La devastazione e le violenze
nel paese sono proseguite per anni fino all'apparizione dei militanti
dell'Isis. Fino ad allora, la comunità internazionale è rimasta in
silenzio, lasciando il paese nel caos più totale, in balìa di ben 1700
bande armate che si contendevano il potere. Tutto è così proseguito
finché nel 2014 il generale Khalifa Belqasim Haftar, a capo del governo
di Tobruk e dell'esercito nazionale libico (Lna), non ha dato il via
all'operazione "Dignità" che mirava a neutralizzare al Qaeda e le
milizie islamiste e riprendere il controllo del territorio. Tuttavia, di
fronte ai successi del generale Haftar la risposta della comunità
internazionale è stata inaspettata: non solo si è rifiutata di fornire
un qualsiasi aiuto, ma ha fatto sapere che le due parti dovevano
"mettersi d'accordo". La motivazione di questo atteggiamento è che la
situazione era imbarazzante: gli stessi attori della coalizione
anti-Gheddafi erano impegnati a replicare una nuova "impresa" in Siria,
perciò non potevano inimicarsi gli amici libici — ovvero al-Qaida e la
Fratellanza musulmana turcofila di Misurata — che fornivano armi e
uomini alla guerriglia siriana. Successivamente, il 17 dicembre 2015,
l'Onu e la comunità internazionale hanno imposto un proprio uomo: Fayez
al Sarraj. Lo scopo principale degli sponsor del governo di al Serraj
era che il controllo della Libyan Investment Authority, della National
Oil Corporation e della Banca centrale libica fosse in mani amiche. Così
essi hanno dato vita ad un governo di "Accordo nazionale" (Gna) guidato
da al Sarraj.
In questo senso l'Italia ha
fatto la scelta di campo di appoggiare Serraj. Solo recentemente
l'Italia ha stipulato un accordo anche con Haftar, conservando comunque
l'appoggio anche al governo Serraj. La posizione italiana, prima
intransigente nei confronti di Haftar, è lentamente mutata dopo la
ripresa delle relazioni con il Cairo ed in considerazione della
riconciliazione tra i due leader libici, ottenuta grazie alla mediazione
francese. Infatti grazie all'iniziativa di Parigi, Haftar e Serraj
hanno rinunciato alla lotta armata tra rispettive forze controllate.

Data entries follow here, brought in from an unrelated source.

lemma one_cluster_partition_cluster:
  assumes "p \<in> one_cluster_partitions n"
  obtains D where "D \<in> cluster_sets n" "p = cluster_partition n D"
proof -
  have pa: "partition_on {1..n} p" and c: "card {B\<in>p. card B > 1} \<le> 1"
    using assms unfolding one_cluster_partitions_def by auto
  have U: "\<Union>p = {1..n}" and dj: "disjoint p" using pa unfolding partition_on_def by auto
  have "finite p" using U by (metis finite_UnionD finite_atLeastAtMost)
  then have fin_large: "finite {B\<in>p. card B > 1}" by simp
  obtain D where large: "{B\<in>p. card B > 1} \<subseteq> {D}" and D: "D = {} \<or> (D \<in> p \<and> card D > 1)"
  proof (cases "{B\<in>p. card B > 1} = {}")
    case True
    then show ?thesis using that[of "{}"] by blast
  next
    case False
    then have "card {B\<in>p. card B > 1} = 1"
      using c fin_large by (metis card_0_eq le_Suc_eq le_zero_eq One_nat_def)
    then obtain D where "{B\<in>p. card B > 1} = {D}" by (rule card_1_singletonE)
    then show ?thesis using that[of D] by auto
  qed
  have small: "\<exists>j. B = {j}" if "B \<in> p" "B \<noteq> D" for B
    using small_block_singleton[OF pa _ that(1)] large that by blast
  have "p = cluster_partition n D"
  proof (intro equalityI subsetI)
    fix B assume B: "B \<in> p"
    show "B \<in> cluster_partition n D"
    proof (cases "B = D")
      case False
      then obtain j where j: "B = {j}" using small B by blast
      have "B \<inter> D = {}"
        using D dj B False unfolding disjoint_def by auto
      then have "j \<notin> D" using j by auto
      moreover have "j \<in> {1..n}" using U B j by auto
      ultimately show ?thesis using j unfolding cluster_partition_def by auto
    qed (use B pa in \<open>auto simp: cluster_partition_def partition_on_def\<close>)
  next
    fix B assume B: "B \<in> cluster_partition n D"
    show "B \<in> p"
    proof (cases "B = D")
      case False
      then obtain i where i: "B = {i}" "i \<in> {1..n}" "i \<notin> D"
        using B unfolding cluster_partition_def by (auto split: if_splits)
      then obtain B' where B': "B' \<in> p" "i \<in> B'" using U by blast
      then have "B' \<noteq> D" using i by auto
      then show "B \<in> p" using small[OF B'(1)] B' i by auto
    qed (use B D in \<open>auto simp: cluster_partition_def\<close>)
  qed
  moreover have "D \<in> cluster_sets n"
    using D U unfolding cluster_sets_def by auto
  ultimately show ?thesis using that by blast
qed

lemma bij_cluster_partition:
  "bij_betw (cluster_partition n) (cluster_sets n) (one_cluster_partitions n)"
  unfolding bij_betw_def
proof
  show "inj_on (cluster_partition n) (cluster_sets n)"
    by (rule inj_onI) (metis cluster_partition_refines_iff subset_antisym subset_refl)
  show "cluster_partition n ` cluster_sets n = one_cluster_partitions n"
    using cluster_partition_one_cluster one_cluster_partition_cluster by blast
qed

section \<open>The Moebius function on cluster sets\<close>

definition cluster_mobius :: "nat set \<Rightarrow> nat set \<Rightarrow> int" where
  "cluster_mobius C D =
     (if C = {} then (-1) ^ card D * (1 - int (card D)) else (-1) ^ (card D - card C))"

lemma cluster_mobius_interval_sum:
  assumes C: "C \<in> cluster_sets n" and D: "D \<in> cluster_sets n" and CD: "C \<subset> D"
  shows "(\<Sum>d\<in>{d\<in>cluster_sets n. C \<subseteq> d \<and> d \<subseteq> D}. cluster_mobius C d) = 0"
proof -
  have fD: "finite D" and fC: "finite C"
    using C D unfolding cluster_sets_def by (auto intro: finite_subset)
  show ?thesis
  proof (cases "C = {}")
    case True
    text \<open>The interval is Pow D without the singletons, whose terms vanish anyway.\<close>
    have cD: "card D \<ge> 2"
      using D CD True fD unfolding cluster_sets_def by (cases "card D") auto
    have "(\<Sum>d\<in>{d\<in>cluster_sets n. C \<subseteq> d \<and> d \<subseteq> D}. cluster_mobius C d)
          = (\<Sum>d\<in>Pow D. cluster_mobius C d)"
      by (rule sum.mono_neutral_left)
         (use fD True D in \<open>auto simp: cluster_mobius_def cluster_sets_def\<close>)
    also have "\<dots> = 0"
      using alternating_linear_sum_Pow[OF fD cD] True by (simp add: cluster_mobius_def)
    finally show ?thesis .
  next
    case False
    text \<open>Every superset of C is again a cluster set, so the interval is Boolean.\<close>
    have cC: "card C \<ge> 2"
      using C False fC unfolding cluster_sets_def by (cases "card C") auto
    have interval: "{d\<in>cluster_sets n. C \<subseteq> d \<and> d \<subseteq> D} = (\<union>) C ` Pow (D - C)"
    proof (intro equalityI subsetI)
      fix d assume "d \<in> {d\<in>cluster_sets n. C \<subseteq> d \<and> d \<subseteq> D}"
      then have "d = C \<union> (d - C)" "d - C \<in> Pow (D - C)" by auto
      then show "d \<in> (\<union>) C ` Pow (D - C)" by blast
    next
      fix d assume "d \<in> (\<union>) C ` Pow (D - C)"
      then obtain E where E: "E \<subseteq> D - C" "d = C \<union> E" by auto
      have "card C \<le> card d" using E fD fC by (intro card_mono) (auto intro: finite_subset)
      then show "d \<in> {d\<in>cluster_sets n. C \<subseteq> d \<and> d \<subseteq> D}"
        using E cC D CD unfolding cluster_sets_def by auto
    qed
    have inj: "inj_on ((\<union>) C) (Pow (D - C))" by (rule inj_onI) blast
    have summand: "cluster_mobius C (C \<union> E) = (-1) ^ card E" if "E \<in> Pow (D - C)" for E
    proof -
      have "card (C \<union> E) = card C + card E"
        using that fD fC by (subst card_Un_disjoint) (auto intro: finite_subset)
      then show ?thesis using False by (simp add: cluster_mobius_def)
    qed
    have "(\<Sum>d\<in>{d\<in>cluster_sets n. C \<subseteq> d \<and> d \<subseteq> D}. cluster_mobius C d)
          = (\<Sum>E\<in>Pow (D - C). (-1) ^ card E)"
      unfolding interval sum.reindex[OF inj] by (simp add: summand)
    also have "\<dots> = 0" by (rule alternating_sum_Pow) (use fD CD in auto)
    finally show ?thesis .
  qed
qed
lemma restrict_Un_selected:
  assumes "M' \<subseteq> E \<union> new_edges"
  shows "M' = (M' \<inter> E) \<union> selected (selection_of M')"
proof
  show "M' \<subseteq> (M' \<inter> E) \<union> selected (selection_of M')"
  proof
    fix f assume "f \<in> M'"
    show "f \<in> (M' \<inter> E) \<union> selected (selection_of M')"
    proof (cases "f \<in> E")
      case False
      with assms \<open>f \<in> M'\<close> obtain i where "i < 5" "f = new_edge i" by (auto simp: new_edges_def)
      with \<open>f \<in> M'\<close> show ?thesis by (auto simp: selected_def selection_of_nth)
    qed (use \<open>f \<in> M'\<close> in blast)
  qed
qed (auto simp: selected_def selection_of_nth)

context
  fixes M'
  assumes am': "almost_maximal (E \<union> new_edges, new_cycle, m + 4) M'"
begin

lemma M'_matching: "M' \<subseteq> E \<union> new_edges" "\<And>e f. e \<in> M' \<Longrightarrow> f \<in> M' \<Longrightarrow> e \<noteq> f \<Longrightarrow> e \<inter> f = {}"
  and M'_dominates: "\<And>e. e \<in> E \<union> new_edges - new_edges \<Longrightarrow> e \<inter> \<Union>M' \<noteq> {}"
  using am' by (auto simp: is_matching_def free_edges_new_cycle)

lemma dominating_new_edge:
  assumes "v < m" "f \<in> M'" "v \<in> f" "f \<notin> E"
  shows "(v = c!k \<and> selection_of M' ! 0) \<or> (v = c!Suc k \<and> selection_of M' ! 4)"
proof -
  obtain t where t: "t < 5" "f = new_edge t"
    using M'_matching(1) assms(2,4) by (auto simp: new_edges_def)
  with assms have "(t = 0 \<and> v = c!k) \<or> (t = 4 \<and> v = c!Suc k)"
    using old_vertex_in_new_edge by blast
  with t assms(2) show ?thesis by (auto simp: selection_of_nth)
qed

lemma almost_maximal_restrict: "almost_maximal (E, c, m) (M' \<inter> E)"
proof -
  have "e \<inter> \<Union>(M' \<inter> E) \<noteq> {}" if e: "e \<in> E - free_edges c" for e
  proof -
    have "e \<notin> new_edges" using e new_edges_disjoint_E by auto
    with e obtain v f where vf: "v \<in> e" "f \<in> M'" "v \<in> f" using M'_dominates by blast
    show ?thesis
    proof (cases "f \<in> E")
      case False
      moreover have "v < m" using vertex_less e vf(1) by blast
      ultimately have "v = c!k \<or> v = c!Suc k" using dominating_new_edge vf(2,3) by blast
      then have "e \<in> free_edges c"
        using inner_vertex_edge[of e k] inner_vertex_edge[of e "Suc k"] k_bounds e vf(1) by auto
      with e show ?thesis by blast
    qed (use vf in blast)
  qed
  then show ?thesis using M'_matching by (auto simp: is_matching_def)
qed

lemma selection_in_path_matchings: "selection_of M' \<in> set path_matchings"
proof -
  have "\<not> (selection_of M' ! i \<and> selection_of M' ! Suc i)" if "i < 4" for i
  proof
    assume "selection_of M' ! i \<and> selection_of M' ! Suc i"
    with that have "new_edge i \<in> M'" "new_edge (Suc i) \<in> M'" by (simp_all add: selection_of_nth)
    moreover have "new_edge i \<noteq> new_edge (Suc i)" using new_edge_inj[of i "Suc i"] that by auto
    ultimately show False using M'_matching(2) new_edge_adjacent[OF that] by blast
  qed
  then show ?thesis by (simp add: mem_path_matchings selection_of_def)
qed

lemma selection_compatible: "compatible k (coverage c (M' \<inter> E)) (selection_of M')"
  unfolding compatible_iff
proof (intro conjI impI notI allI)
  let ?b = "coverage c (M' \<inter> E)" and ?x = "selection_of M'"
  have b: "?b ! k \<longleftrightarrow> c!k \<in> \<Union>(M' \<inter> E)" "?b ! Suc k \<longleftrightarrow> c!Suc k \<in> \<Union>(M' \<inter> E)"
    using coverage_nth k_bounds by auto
  show False if "?x ! 0" "?b ! k"
  proof -
    from that b obtain f where f: "f \<in> M' \<inter> E" "c!k \<in> f" by auto
    moreover have "new_edge 0 \<in> M'" "c!k \<in> new_edge 0" "new_edge 0 \<noteq> f"
      using that(1) f(1) new_edge_notin_E[of 0] by (auto simp: selection_of_nth new_edge_def)
    ultimately show False using M'_matching(2) by blast
  qed
  show False if "?x ! 4" "?b ! Suc k"
  proof -
    from that b obtain f where f: "f \<in> M' \<inter> E" "c!Suc k \<in> f" by auto
    moreover have "new_edge 4 \<in> M'" "c!Suc k \<in> new_edge 4" "new_edge 4 \<noteq> f"
      using that(1) f(1) new_edge_notin_E[of 4] by (auto simp: selection_of_nth new_edge_def)
    ultimately show False using M'_matching(2) by blast
  qed
  fix i :: nat assume i: "i < 6"
  have covered: "covered_after k ?b ?x j" if "j < 6" "f \<in> M'" "c!j \<in> f" for j f
  proof (cases "f \<in> E")
    case True
    with that show ?thesis using coverage_nth by (auto simp: covered_after_def)
  next
    case False
    with that have "(c!j = c!k \<and> ?x ! 0) \<or> (c!j = c!Suc k \<and> ?x ! 4)"
      using dominating_new_edge cycle_vertex_less by blast
    with that show ?thesis using cycle_nth_eq_iff k_bounds by (auto simp: covered_after_def)
  qed
  have "{c!i, c!(Suc i mod 6)} \<in> E - new_edges" using cycle_edge[OF i] new_edges_disjoint_E by auto
  then obtain f v where "f \<in> M'" "v \<in> f" "v = c!i \<or> v = c!(Suc i mod 6)"
    using M'_dominates by blast
  with i show "covered_after k ?b ?x i \<or> covered_after k ?b ?x (Suc i mod 6)"
    using covered[of i f] covered[of "Suc i mod 6" f] by auto
qed
(* Let $x$ and $y$ be finite sequences of strings and $\lambda\ge0$. For every valid labeled summary tree $T$ representing $x$ and $y$, $\mathsf{EDG}(x,y,\lambda)\le\mathrm{error}_\lambda(T)$.
   Context: Strings are over a finite alphabet; $\varepsilon$ is the empty string and $\mathsf{ED}$ is Levenshtein edit distance (unit costs). $\mathsf{AED}(x,y)$ for string sequences is the minimum cost of transforming $x$ into $y$ using only inserting a string $w$ into $x$ (cost $\mathsf{ED}(w,\varepsilon)$) and substituting a string $w$ of $x$ by $w'$ (cost $\mathsf{ED}(w,w')$), with no deletions (defined only if $|x|\le|y|$). A labeled summary tree of $\{x,y\}$ is a rooted tree $T$ with a sentinel root, other nodes labeled by strings, with $x$ and $y$ assigned to nodes $v_x,v_y$; $L_T(v)$ is the label sequence on the root-to-$v$ path excluding the sentinel; $|T|$ counts non-sentinel nodes. It is valid if $|x|\le|L_T(v_x)|$ and $|y|\le|L_T(v_y)|$, and $\mathrm{error}_\lambda(T)=\mathsf{AED}(x,L_T(v_x))+\mathsf{AED}(y,L_T(v_y))+\lambda|T|$. $\mathsf{EDG}(i,j,\lambda)$ ($1\le i\le|x|+1$, $1\le j\le|y|+1$): $\mathsf{EDG}(|x|+1,|y|+1,\lambda)=0$, $\mathsf{EDG}(i,|y|+1,\lambda)=\lambda(|x|-i+1)$, $\mathsf{EDG}(|x|+1,j,\lambda)=\lambda(|y|-j+1)$, and otherwise the minimum of $\mathsf{EDG}(i+1,j+1,\lambda)+\lambda+\mathsf{ED}(x_i,y_j)$, $\mathsf{EDG}(i,j+1,\lambda)+\lambda+\mathsf{ED}(\varepsilon,y_j)$, $\mathsf{EDG}(i+1,j,\lambda)+\lambda+\mathsf{ED}(x_i,\varepsilon)$, and $\lambda(|x|-i+1)+\lambda(|y|-j+1)$; $\mathsf{EDG}(x,y,\lambda)=\mathsf{EDG}(1,1,\lambda)$. *)

theory Defs
  imports Complex_Main
begin

fun ED :: "'a list \<Rightarrow> 'a list \<Rightarrow> nat" where
  "ED [] ys = length ys"
| "ED xs [] = length xs"
| "ED (a # xs) (b # ys) =
     min (min (ED xs ys + (if a = b then 0 else 1)) (ED xs (b # ys) + 1)) (ED (a # xs) ys + 1)"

Inoltre i due leader hanno convenuto di indire libere elezioni entro la
primavera del 2018. Ma in attesa, Haftar non se ne è stato con le mani
in mano e alla fine di settembre ha liberato il porto di Bengasi.
Il governo di Tobruk ha
conseguito uno degli scopi principali dell'operazione Dignità: la
sottrazione alle milizie islamiste del porto di Bengasi. Sconfiggendo la
manovalanza addestrata nei campi algerini di cui la Nato si è servita
per rovesciare Gheddafi, Lna il 3 ottobre ha reso di nuovo operativo il
porto più importante della Libia per quando riguarda l'estrazione e
l'esportazione petrolifera. Questo evento, insieme alla riconquista di
Bengasi e della regione petrolifera della Cirenaica, ha tutte le
potenzialità per ridare la vitalità economica necessaria alla
ricostruzione del paese. Inoltre, Haftar ha l'indubbio vantaggio di aver
guadagnato la fiducia di molte tribù libiche e di proporsi così
favorevolmente come leadership per le elezioni del 2018.
Indubbiamente Serraj — che
rappresenta il principale punto di riferimento italiano — ha lo
svantaggio di doversi appoggiare sulle milizie filo-islamiche di
Misurata e di scontrarsi nella stessa città di Tripoli con il terzo
soggetto politico del paese: il governo guidato da Khalifa al-Ghawil e
sostenuto dal Qatar, che rivendica la legittimità politica.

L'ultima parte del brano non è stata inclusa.